lemma renyi_sum_pos:
  assumes "is_pd Q" "\<And>y. 0 < Q y \<Longrightarrow> 0 < R y"
  shows "0 < renyi_sum \<alpha> Q R"
proof -
  obtain y where "Q y \<noteq> 0" using assms(1) unfolding is_pd_def by (metis sum.neutral zero_neq_one)
  then have "0 < Q y" using assms(1) unfolding is_pd_def by (simp add: order_less_le)
  moreover have "0 < R y" using assms(2) \<open>0 < Q y\<close> .
  ultimately have "0 < Q y powr \<alpha> * R y powr (1 - \<alpha>)" by simp
  also have "\<dots> \<le> renyi_sum \<alpha> Q R" unfolding renyi_sum_def by (rule member_le_sum) auto
  finally show ?thesis .
qed

lemma channel_nonneg: "is_channel W \<Longrightarrow> 0 \<le> W x y"
  unfolding is_channel_def is_pd_def by blast

lemma le_Max_renyi_div:
  fixes W :: "'x::finite \<Rightarrow> 'y::finite \<Rightarrow> real"
  shows "renyi_div \<alpha> Q (W x) \<le> (MAX x\<in>UNIV. renyi_div \<alpha> Q (W x))"
  by (rule Max_ge) auto

lemma renyi_div_product_le_Max:
  fixes W :: "'x::finite \<Rightarrow> 'y::finite \<Rightarrow> real"
  assumes W: "is_channel W" and "is_pd P" "is_pd Q" "\<alpha> \<noteq> 1"
  shows "renyi_div \<alpha> (\<lambda>(x, y). P x * Q y) (\<lambda>(x, y). P x * W x y)
    \<le> (MAX x\<in>UNIV. renyi_div \<alpha> Q (W x))"
proof -
  have Q: "\<And>y. 0 \<le> Q y" using assms(3) unfolding is_pd_def by auto
  let ?avg = "\<Sum>x\<in>UNIV. P x * renyi_sum \<alpha> Q (W x)"
  consider "\<alpha> < 1" | "1 < \<alpha>" "\<exists>x y. 0 < Q y \<and> \<not> 0 < W x y" | "1 < \<alpha>" "\<forall>x y. 0 < Q y \<longrightarrow> 0 < W x y"
    using assms(4) by fastforce
  then show ?thesis
  proof cases
    case 1
    obtain x where x: "renyi_sum \<alpha> Q (W x) \<le> ?avg"
      using exists_le_pd_average[OF assms(2), of "\<lambda>x. renyi_sum \<alpha> Q (W x)"] by blast
    have "renyi_div \<alpha> (\<lambda>(x, y). P x * Q y) (\<lambda>(x, y). P x * W x y) = renyi_of_sum \<alpha> ?avg"
      using renyi_div_product_eq[of P Q W, OF assms(2,3) channel_nonneg[OF W]] 1 by simp
    also have "\<dots> \<le> renyi_of_sum \<alpha> (renyi_sum \<alpha> Q (W x))"
      by (rule renyi_of_sum_antimono[OF 1 renyi_sum_nonneg x])
    also have "\<dots> = renyi_div \<alpha> Q (W x)" using renyi_div_eq[of Q, OF Q] 1 by simp
    finally show ?thesis using le_Max_renyi_div order_trans by blast
  next
    case 2
    then obtain x y where "0 < Q y" "\<not> 0 < W x y" by blast
    then have "renyi_div \<alpha> Q (W x) = \<infinity>" using renyi_div_eq[of Q, OF Q] 2 by auto
    then show ?thesis using le_Max_renyi_div[of \<alpha> Q W x] by simp
  next
    case 3
    obtain x where x: "?avg \<le> renyi_sum \<alpha> Q (W x)"
      using exists_ge_pd_average[OF assms(2), of "\<lambda>x. renyi_sum \<alpha> Q (W x)"] by blast
    obtain x' where "renyi_sum \<alpha> Q (W x') \<le> ?avg"
      using exists_le_pd_average[OF assms(2), of "\<lambda>x. renyi_sum \<alpha> Q (W x)"] by blast
    then have "0 < ?avg" using renyi_sum_pos[OF assms(3)] 3 by (meson less_le_trans)
    have "renyi_div \<alpha> (\<lambda>(x, y). P x * Q y) (\<lambda>(x, y). P x * W x y) = renyi_of_sum \<alpha> ?avg"
      using renyi_div_product_eq[of P Q W, OF assms(2,3) channel_nonneg[OF W]] 3 by simp
    also have "\<dots> \<le> renyi_of_sum \<alpha> (renyi_sum \<alpha> Q (W x))"
      using 3(1) \<open>0 < ?avg\<close> x by (rule renyi_of_sum_mono)
    also have "\<dots> = renyi_div \<alpha> Q (W x)" using renyi_div_eq[of Q, OF Q] 3 by auto
    finally show ?thesis using le_Max_renyi_div order_trans by blast
  qed
qed

lemma umlaut_info_le_Max_renyi_div:
  fixes W :: "'x::finite \<Rightarrow> 'y::finite \<Rightarrow> real"
  assumes "is_channel W" "is_pd Q" "\<alpha> \<noteq> 1"
  shows "umlaut_info \<alpha> W \<le> (MAX x\<in>UNIV. renyi_div \<alpha> Q (W x))"
  unfolding umlaut_info_def
  using assms renyi_div_product_le_Max by (fastforce intro!: SUP_least INF_lower2)

definition pd_on :: "'a set \<Rightarrow> ('a::finite \<Rightarrow> real) set" where
  "pd_on B = {Q. is_pd Q \<and> (\<forall>y. y \<notin> B \<longrightarrow> Q y = 0)}"

lemma is_pd_uniform: "is_pd (\<lambda>_::'a::finite. 1 / real CARD('a))"
  by (simp add: is_pd_def)

lemma uniform_in_pd_on:
  assumes "B \<noteq> {}"
  shows "(\<lambda>y. if y \<in> B then 1 / real (card B) else 0) \<in> pd_on B"
  using assms by (simp add: pd_on_def is_pd_def sum.If_cases)

lemma is_pd_mixture:
  assumes "is_pd P" "is_pd Q" "0 \<le> t" "t \<le> 1"
  shows "is_pd (\<lambda>y. (1 - t) * P y + t * Q y)"
  using assms unfolding is_pd_def by (simp add: sum.distrib flip: sum_distrib_left)

lemma pd_on_mixture:
  assumes "P \<in> pd_on B" "Q \<in> pd_on B" "0 \<le> t" "t \<le> 1"
  shows "(\<lambda>y. (1 - t) * P y + t * Q y) \<in> pd_on B"
  using assms is_pd_mixture unfolding pd_on_def by auto

lemma renyi_sum_mixture_le:
  assumes "1 \<le> \<alpha>" "\<And>y. 0 \<le> Q1 y" "\<And>y. 0 \<le> Q2 y" "0 \<le> t" "t \<le> 1"
  shows "renyi_sum \<alpha> (\<lambda>y. (1 - t) * Q1 y + t * Q2 y) R
    \<le> (1 - t) * renyi_sum \<alpha> Q1 R + t * renyi_sum \<alpha> Q2 R"
proof -
  have "((1 - t) * Q1 y + t * Q2 y) powr \<alpha> * R y powr (1 - \<alpha>)
    \<le> ((1 - t) * Q1 y powr \<alpha> + t * Q2 y powr \<alpha>) * R y powr (1 - \<alpha>)" for y
    using convex_onD[OF convex_on_powr_nonneg[OF assms(1)], of t "Q1 y" "Q2 y"] assms
    by (intro mult_right_mono) auto
  then show ?thesis
    unfolding renyi_sum_def sum_distrib_left sum.distrib[symmetric]
    by (intro sum_mono) (simp add: algebra_simps)
qed

lemma renyi_sum_mixture_ge:
  assumes "0 < \<alpha>" "\<alpha> \<le> 1" "\<And>y. 0 \<le> Q1 y" "\<And>y. 0 \<le> Q2 y" "0 \<le> t" "t \<le> 1"
  shows "(1 - t) * renyi_sum \<alpha> Q1 R + t * renyi_sum \<alpha> Q2 R
    \<le> renyi_sum \<alpha> (\<lambda>y. (1 - t) * Q1 y + t * Q2 y) R"
proof -
  have "((1 - t) * Q1 y powr \<alpha> + t * Q2 y powr \<alpha>) * R y powr (1 - \<alpha>)
    \<le> ((1 - t) * Q1 y + t * Q2 y) powr \<alpha> * R y powr (1 - \<alpha>)" for y
    using concave_onD[OF concave_on_powr_nonneg[OF assms(1,2)], of t "Q1 y" "Q2 y"] assms
    by (intro mult_right_mono) auto
  then show ?thesis
    unfolding renyi_sum_def sum_distrib_left sum.distrib[symmetric]
    by (intro sum_mono) (simp add: algebra_simps)
qed

lemma continuous_on_Max:
  fixes f :: "'a \<Rightarrow> 'b::topological_space \<Rightarrow> real"
  assumes "finite A" "A \<noteq> {}" "\<And>x. x \<in> A \<Longrightarrow> continuous_on S (f x)"
  shows "continuous_on S (\<lambda>q. MAX x\<in>A. f x q)"
  using assms
proof (induction A rule: finite_ne_induct)
  case (insert x F)
  then have "continuous_on S (\<lambda>q. max (f x q) (MAX x\<in>F. f x q))"
    by (intro continuous_on_max) auto
  then show ?case using insert by simp
qed simp

lemma continuous_on_Min:
  fixes f :: "'a \<Rightarrow> 'b::topological_space \<Rightarrow> real"
  assumes "finite A" "A \<noteq> {}" "\<And>x. x \<in> A \<Longrightarrow> continuous_on S (f x)"
  shows "continuous_on S (\<lambda>q. MIN x\<in>A. f x q)"
  using assms
proof (induction A rule: finite_ne_induct)
  case (insert x F)
  then have "continuous_on S (\<lambda>q. min (f x q) (MIN x\<in>F. f x q))"
    by (intro continuous_on_min) auto
  then show ?case using insert by simp
qed simp

lemma continuous_on_renyi_sum:
  assumes "0 < \<alpha>"
  shows "continuous_on {q::real^'a::finite. \<forall>y. 0 \<le> q$y} (\<lambda>q. renyi_sum \<alpha> (vec_nth q) R)"
  unfolding renyi_sum_def using assms
  by (intro continuous_intros continuous_on_powr' continuous_on_component continuous_on_id) auto

text \<open>Distributions are handled as vectors in \<open>real^'a\<close>, where closed bounded sets are compact.\<close>

lemma compact_pd_on: "compact {q::real^'a::finite. vec_nth q \<in> pd_on B}"
proof -
  have "{q::real^'a. vec_nth q \<in> pd_on B}
    = {q. \<forall>y. 0 \<le> q$y} \<inter> {q. (\<Sum>y\<in>UNIV. q$y) = 1} \<inter> (\<Inter>y\<in>-B. {q. q$y = 0})"
    by (auto simp: pd_on_def is_pd_def)
  moreover have "closed ({q::real^'a. \<forall>y. 0 \<le> q$y} \<inter> {q. (\<Sum>y\<in>UNIV. q$y) = 1}
      \<inter> (\<Inter>y\<in>-B. {q. q$y = 0}))"
    by (intro closed_Int closed_INT ballI closed_Collect_all closed_Collect_le closed_Collect_eq
        continuous_on_const continuous_on_component continuous_on_id continuous_on_sum)
  ultimately have "closed {q::real^'a. vec_nth q \<in> pd_on B}" by simp
  moreover have "{q::real^'a. vec_nth q \<in> pd_on B} \<subseteq> cbox 0 (\<chi> y. 1)"
  proof
    fix q :: "real^'a" assume "q \<in> {q. vec_nth q \<in> pd_on B}"
    then have "\<And>y. 0 \<le> q$y" "(\<Sum>y\<in>UNIV. q$y) = 1" by (auto simp: pd_on_def is_pd_def)
    moreover from this have "q$y \<le> 1" for y by (metis member_le_sum finite UNIV_I)
    ultimately show "q \<in> cbox 0 (\<chi> y. 1)" by (simp add: mem_box_cart)
  qed
  ultimately show ?thesis using bounded_cbox bounded_subset compact_eq_bounded_closed by blast
qed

● ● ●

• _THE TASK_: Restate the listing word for word, but only from its first line through the line with "y \<and> \<not>", keeping both end lines.

• _SOLUTION TO THE EXERCISE_:
lemma renyi_sum_pos:
  assumes "is_pd Q" "\<And>y. 0 < Q y \<Longrightarrow> 0 < R y"
  shows "0 < renyi_sum \<alpha> Q R"
proof -
  obtain y where "Q y \<noteq> 0" using assms(1) unfolding is_pd_def by (metis sum.neutral zero_neq_one)
  then have "0 < Q y" using assms(1) unfolding is_pd_def by (simp add: order_less_le)
  moreover have "0 < R y" using assms(2) \<open>0 < Q y\<close> .
  ultimately have "0 < Q y powr \<alpha> * R y powr (1 - \<alpha>)" by simp
  also have "\<dots> \<le> renyi_sum \<alpha> Q R" unfolding renyi_sum_def by (rule member_le_sum) auto
  finally show ?thesis .
qed

lemma channel_nonneg: "is_channel W \<Longrightarrow> 0 \<le> W x y"
  unfolding is_channel_def is_pd_def by blast

lemma le_Max_renyi_div:
  fixes W :: "'x::finite \<Rightarrow> 'y::finite \<Rightarrow> real"
  shows "renyi_div \<alpha> Q (W x) \<le> (MAX x\<in>UNIV. renyi_div \<alpha> Q (W x))"
  by (rule Max_ge) auto

lemma renyi_div_product_le_Max:
  fixes W :: "'x::finite \<Rightarrow> 'y::finite \<Rightarrow> real"
  assumes W: "is_channel W" and "is_pd P" "is_pd Q" "\<alpha> \<noteq> 1"
  shows "renyi_div \<alpha> (\<lambda>(x, y). P x * Q y) (\<lambda>(x, y). P x * W x y)
    \<le> (MAX x\<in>UNIV. renyi_div \<alpha> Q (W x))"
proof -
  have Q: "\<And>y. 0 \<le> Q y" using assms(3) unfolding is_pd_def by auto
  let ?avg = "\<Sum>x\<in>UNIV. P x * renyi_sum \<alpha> Q (W x)"
  consider "\<alpha> < 1" | "1 < \<alpha>" "\<exists>x y. 0 < Q y \<and> \<not> 0 < W x y" | "1 < \<alpha>" "\<forall>x y. 0 < Q y \<longrightarrow> 0 < W x y"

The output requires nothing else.